*** Opening AVAILABLE DATA ***

(* Let $\langle P,\wedge,\vee,0,1,\circ\rangle$ be a universale such that $\circ$ is idempotent ($a\circ a=a$ for all $a\in P$) and the identity element of the monoid $\langle P,\circ\rangle$ equals the least element $0$ of the lattice. Then $\langle P,\wedge,\vee,0,1\rangle$ is a globale.
   Context: A universale is a structure $\langle P,\wedge,\vee,0,1,\circ\rangle$ such that: (1) $\langle P,\wedge,\vee\rangle$ is a complete lattice with least element $0$ and greatest element $1$; (2) $\langle P,\circ\rangle$ is a monoid with some identity element $0'$; (3) for every $b\in P$ and every $T\subseteq P$, $b\circ\bigwedge T=\bigwedge\{b\circ t\mid t\in T\}$ and $(\bigwedge T)\circ b=\bigwedge\{t\circ b\mid t\in T\}$. A globale is a complete lattice $\langle L,\wedge,\vee,0,1\rangle$ such that for all $w\in L$ and all $Z\subseteq L$, $w\vee\bigwedge Z=\bigwedge\{w\vee z\mid z\in Z\}$. *)

theory Defs
  imports Main
begin

text \<open>A universale: the complete lattice structure is that of the type class
complete_lattice (bot = 0, top = 1, Inf = big meet); mult is the monoid operation (named mult).\<close>

definition universale :: "('a::complete_lattice \<Rightarrow> 'a \<Rightarrow> 'a) \<Rightarrow> bool" where
  "universale mult \<longleftrightarrow>
     (\<forall>a b c. mult (mult a b) c = mult a (mult b c)) \<and>
     (\<exists>e. \<forall>a. mult e a = a \<and> mult a e = a) \<and>
     (\<forall>b T. mult b (Inf T) = Inf ((\<lambda>t. mult b t) ` T) \<and>
            mult (Inf T) b = Inf ((\<lambda>t. mult t b) ` T))"

definition globale :: "'a::complete_lattice itself \<Rightarrow> bool" where
  "globale _ \<longleftrightarrow> (\<forall>(w::'a) Z. sup w (Inf Z) = Inf ((\<lambda>z. sup w z) ` Z))"

end

theory Submission
  imports Defs
begin

text \<open>Preservation of meets makes the multiplication monotone in each argument. Then
  a \<circ> b lies between a \<circ> 0 = a and 0 \<circ> b = b from above, and below
  (a \<squnion> b) \<circ> (a \<squnion> b) = a \<squnion> b, so \<circ> is the join. The
  distributivity of \<circ> over arbitrary meets is therefore that of \<squnion>.\<close>

lemma Inf_preserving_mono:
  fixes f :: "'a::complete_lattice \<Rightarrow> 'b::complete_lattice"
  assumes "\<And>T. f (Inf T) = Inf (f ` T)"
  shows "mono f"
proof
  fix a b :: 'a
  assume "a \<le> b"
  then have "f a = Inf {f a, f b}"
    using assms[of "{a, b}"] by (simp add: inf_absorb1)
  then show "f a \<le> f b"
    by (simp add: le_iff_inf)
qed

lemma idempotent_mono_mult_eq_sup:
  fixes mult :: "'a::lattice \<Rightarrow> 'a \<Rightarrow> 'a"
  assumes mono_left: "\<And>c. mono (\<lambda>a. mult a c)"
    and mono_right: "\<And>c. mono (mult c)"
    and idem: "\<And>a. mult a a = a"
    and unit: "\<And>a. mult u a = a \<and> mult a u = a"
    and least: "\<And>a. u \<le> a"
  shows "mult a b = sup a b"
proof (rule antisym)
  have "mult a b \<le> mult (sup a b) b"
    using monoD[OF mono_left] by simp
  also have "\<dots> \<le> mult (sup a b) (sup a b)"
    using monoD[OF mono_right] by simp
  finally show "mult a b \<le> sup a b"
    using idem by simp
  have "a \<le> mult a b"
    using monoD[OF mono_right, of u b a] unit least by simp
  moreover have "b \<le> mult a b"
    using monoD[OF mono_left, of u a b] unit least by simp
  ultimately show "sup a b \<le> mult a b"
    by simp
qed

lemma globaleI:
  assumes "\<And>(w::'a::complete_lattice) Z. sup w (Inf Z) = Inf ((\<lambda>z. sup w z) ` Z)"
  shows "globale TYPE('a)"
  using assms unfolding globale_def by blast

theorem mainTheorem5:
  fixes mult :: "'a::complete_lattice \<Rightarrow> 'a \<Rightarrow> 'a"
  assumes "universale mult"
    and "\<forall>a. mult a a = a"
    and "\<forall>a. mult bot a = a \<and> mult a bot = a"
  shows "globale TYPE('a)"
proof -
  have Inf_right: "\<And>b T. mult b (Inf T) = Inf (mult b ` T)"
    and Inf_left: "\<And>b T. mult (Inf T) b = Inf ((\<lambda>t. mult t b) ` T)"
    using assms(1) unfolding universale_def by auto
  have mult_eq_sup: "mult a b = sup a b" for a b
  proof (rule idempotent_mono_mult_eq_sup[where u = bot])
    show "mono (\<lambda>a. mult a c)" for c
      by (rule Inf_preserving_mono) (rule Inf_left)
    show "mono (mult c)" for c
      by (rule Inf_preserving_mono) (rule Inf_right)
  qed (use assms(2,3) in auto)
  show ?thesis
    using Inf_right by (intro globaleI) (simp add: mult_eq_sup[abs_def])
qed

end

*** Closing AVAILABLE DATA ***

WHAT THE TASK REQUIRES: In the records above, locate the line that contains "Inf (mult b". Repeat it and every line after it, exactly, and nothing else.

TASK RESULT:
  have Inf_right: "\<And>b T. mult b (Inf T) = Inf (mult b ` T)"
    and Inf_left: "\<And>b T. mult (Inf T) b = Inf ((\<lambda>t. mult t b) ` T)"
    using assms(1) unfolding universale_def by auto
  have mult_eq_sup: "mult a b = sup a b" for a b
  proof (rule idempotent_mono_mult_eq_sup[where u = bot])
    show "mono (\<lambda>a. mult a c)" for c
      by (rule Inf_preserving_mono) (rule Inf_left)
    show "mono (mult c)" for c
      by (rule Inf_preserving_mono) (rule Inf_right)
  qed (use assms(2,3) in auto)
  show ?thesis
    using Inf_right by (intro globaleI) (simp add: mult_eq_sup[abs_def])
qed

end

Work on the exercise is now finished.